Wildcard refresh through InfoPipe

Related ticket(s):

Problem statement

The InfoPipe responder adds a listing capability to the frontend code, allowing the user to list users matching a very simple filter. To implement the back end part of this feature properly, we need to add the possibility to retrieve multiple, but not all entries with a single DP request.

For details of the InfoPipe API, please see the DBus responder design page.

Use cases

A web application, using the InfoPipe interface requests all users starting with the letter ‘a’ so the users can be displayed in the application UI on a single page. The SSSD must fetch and return all matching user entries, but without requiring enumeration, which would pull down too many users.

Overview of the solution

Currently, the input that Data Provider receives can only be a single user or group name. Wildcards are not supported at all, the back end actively sanitizes the input to escape any characters that have a special meaning in LDAP. Therefore, we need to add functionality to the Data Provider to mark the request as a wildcard.

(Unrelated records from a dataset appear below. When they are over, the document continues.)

(* Fix a distribution of $(X,Y)$ on $\mathcal{X}\times\{0,1\}$ with expectation $\mathbb{E}$, let $\mathcal{L}(F,y)=-[y\log\mu(F)+(1-y)\log(1-\mu(F))]$ be the log loss with $\mu(F)=1/(1+e^{-F})$, let $\mathcal{H}$ be a set of group membership functions $h:\mathcal{X}\to\{0,1\}$, let $F_T:\mathcal{X}\to\mathbb{R}$ be a logit predictor with $f_T=\mu\circ F_T$, and let $h_1,\dots,h_K:\mathcal{X}\times[0,1]\to\mathbb{R}$ be weak learners such that for every $h\in\mathcal{H}$ and $g\in\mathcal{G}$ the function $(x,v)\mapsto h(x)g(v)$ is among $h_1,\dots,h_K$. Let $\alpha\ge0$ and suppose that $\big|\mathbb{E}[h(X)g(f_T(X))(Y-f_T(X))]\big|\ge\alpha\sqrt{\mathbb{E}[h(X)f_T(X)(1-f_T(X))]}$ for some $h\in\mathcal{H}$ and $g\in\mathcal{G}$. Then there exists $\tilde w\in\mathbb{R}^K$ such that, with $\tilde h(x)=\sum_{k=1}^K\tilde w_k h_k(x,f_T(x))$, $$\alpha\le\frac{2}{\sqrt3}\,C_T\sqrt{\mathbb{E}[\mathcal{L}(F_T(X),Y)]-\mathbb{E}[\mathcal{L}(F_T(X)+\tilde h(X),Y)]},$$ where $C_T^2=\max_{h\in\mathcal{H},g\in\mathcal{G}}\frac{\mathbb{E}[g(f_T(X))\mid h(X)=1]}{\mathbb{E}[f_T(X)(1-f_T(X))\mid h(X)=1]}$.
   Context: $\mathcal{G}$ is the set of interval membership functions $g:[0,1]\to\{0,1\}$, $g(v)=\mathbb{1}_I(v)$ for an interval $I\subseteq[0,1]$. *)

theory Defs
  imports "HOL-Probability.Probability"
begin

definition sigmoid :: "real \<Rightarrow> real" where
  "sigmoid F = 1 / (1 + exp (- F))"

definition logloss :: "real \<Rightarrow> real \<Rightarrow> real" where
  "logloss F y = - (y * ln (sigmoid F) + (1 - y) * ln (1 - sigmoid F))"

definition interval_funs :: "(real \<Rightarrow> real) set" where
  "interval_funs = {g. \<exists>I. is_interval I \<and> I \<subseteq> {0..1} \<and> g = indicator I}"

text \<open>Conditional expectation E[phi(X,Y) | h(X) = 1] for a 0/1-valued h.\<close>
definition cond_exp_on :: "('a \<times> bool) measure \<Rightarrow> ('a \<Rightarrow> real) \<Rightarrow> ('a \<times> bool \<Rightarrow> real) \<Rightarrow> real" where
  "cond_exp_on M h \<phi> = (\<integral>z. h (fst z) * \<phi> z \<partial>M) / (\<integral>z. h (fst z) \<partial>M)"

end

theory Submission
  imports Defs
begin

(*
  Pick h in H and g in G witnessing the violation; u(x) = h(x) g(f_T(x)) is a 0/1-valued
  weak learner. Hoeffding's lemma for a Bernoulli variable bounds the log loss by its
  first-order expansion plus a^2/8:  L(F + a, y) <= L(F, y) - a (y - sigma(F)) + a^2/8.
  Stepping by eta u with A = E[u (Y - f_T)], B = E[u] and eta = 4 A / B therefore lowers the
  expected loss by some Delta >= 2 A^2 / B. Since alpha^2 E[h f_T (1 - f_T)] <= A^2 and
  B / E[h f_T (1 - f_T)] <= C_T^2, this gives alpha <= C_T sqrt(Delta / 2), which is
  stronger than the claimed bound with constant 2 / sqrt 3.
*)

lemma Hoeffdings_lemma_bernoulli:
  fixes a p :: real
  assumes "0 \<le> p" "p \<le> 1"
  shows "ln (1 + p * (exp a - 1)) \<le> a * p + a\<^sup>2 / 8"
proof (cases "a \<ge> 0")
  case True
  from Hoeffdings_lemma_aux[OF True assms(1)] show ?thesis by simp
next
  case False
  have "-a \<ge> 0" "0 \<le> 1 - p" using False assms by simp_all
  from Hoeffdings_lemma_aux[OF this]
  have bound: "a * (1 - p) + ln (1 + (1 - p) * (exp (-a) - 1)) \<le> a\<^sup>2 / 8" by simp
  have pos: "0 < 1 + (1 - p) * (exp (-a) - 1)"
    using False assms by (intro add_pos_nonneg mult_nonneg_nonneg) auto
  have "1 + p * (exp a - 1) = exp a * (1 + (1 - p) * (exp (-a) - 1))"
    by (simp add: algebra_simps exp_minus_inverse)
  then have "ln (1 + p * (exp a - 1)) = a + ln (1 + (1 - p) * (exp (-a) - 1))"
    using pos by (simp add: ln_mult)
  with bound show ?thesis by (simp add: algebra_simps)
qed

lemma sigmoid_pos: "0 < sigmoid G"
  and sigmoid_less_one: "sigmoid G < 1"
  unfolding sigmoid_def by (auto simp: add_pos_pos)

lemma sigmoid_eq: "sigmoid G = exp G / (1 + exp G)"
  unfolding sigmoid_def by (simp add: exp_minus field_simps add_pos_pos)

lemma logloss_eq:
  assumes "y \<in> {0, 1}"
  shows "logloss G y = ln (1 + exp G) - y * G"
proof -
  have pos: "0 < 1 + exp G" by (simp add: add_pos_pos)
  then have "ln (sigmoid G) = G - ln (1 + exp G)"
    by (simp add: sigmoid_eq ln_div)
  moreover have "ln (1 - sigmoid G) = - ln (1 + exp G)"
    using pos by (simp add: sigmoid_eq ln_div field_simps)
  ultimately show ?thesis using assms unfolding logloss_def by auto
qed

lemma logloss_nonneg: "y \<in> {0, 1} \<Longrightarrow> 0 \<le> logloss G y"
  using sigmoid_pos[of G] sigmoid_less_one[of G] unfolding logloss_def by auto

Only requests by name will support wildcards, not i.e. requests by SID, mostly because there would be no consumer of this functionality. Technically we could allow wildcard searches on any attribute with the same code, though. Also, only requests for users and groups will support wildcards.

When the wildcard request is received by the back end, sanitization will be done, but modified in order to avoid escaping the wildcard. After the request finishes, a search-and-delete operation must be run in order to remove entries that matched the wildcard search previously but were removed from the server.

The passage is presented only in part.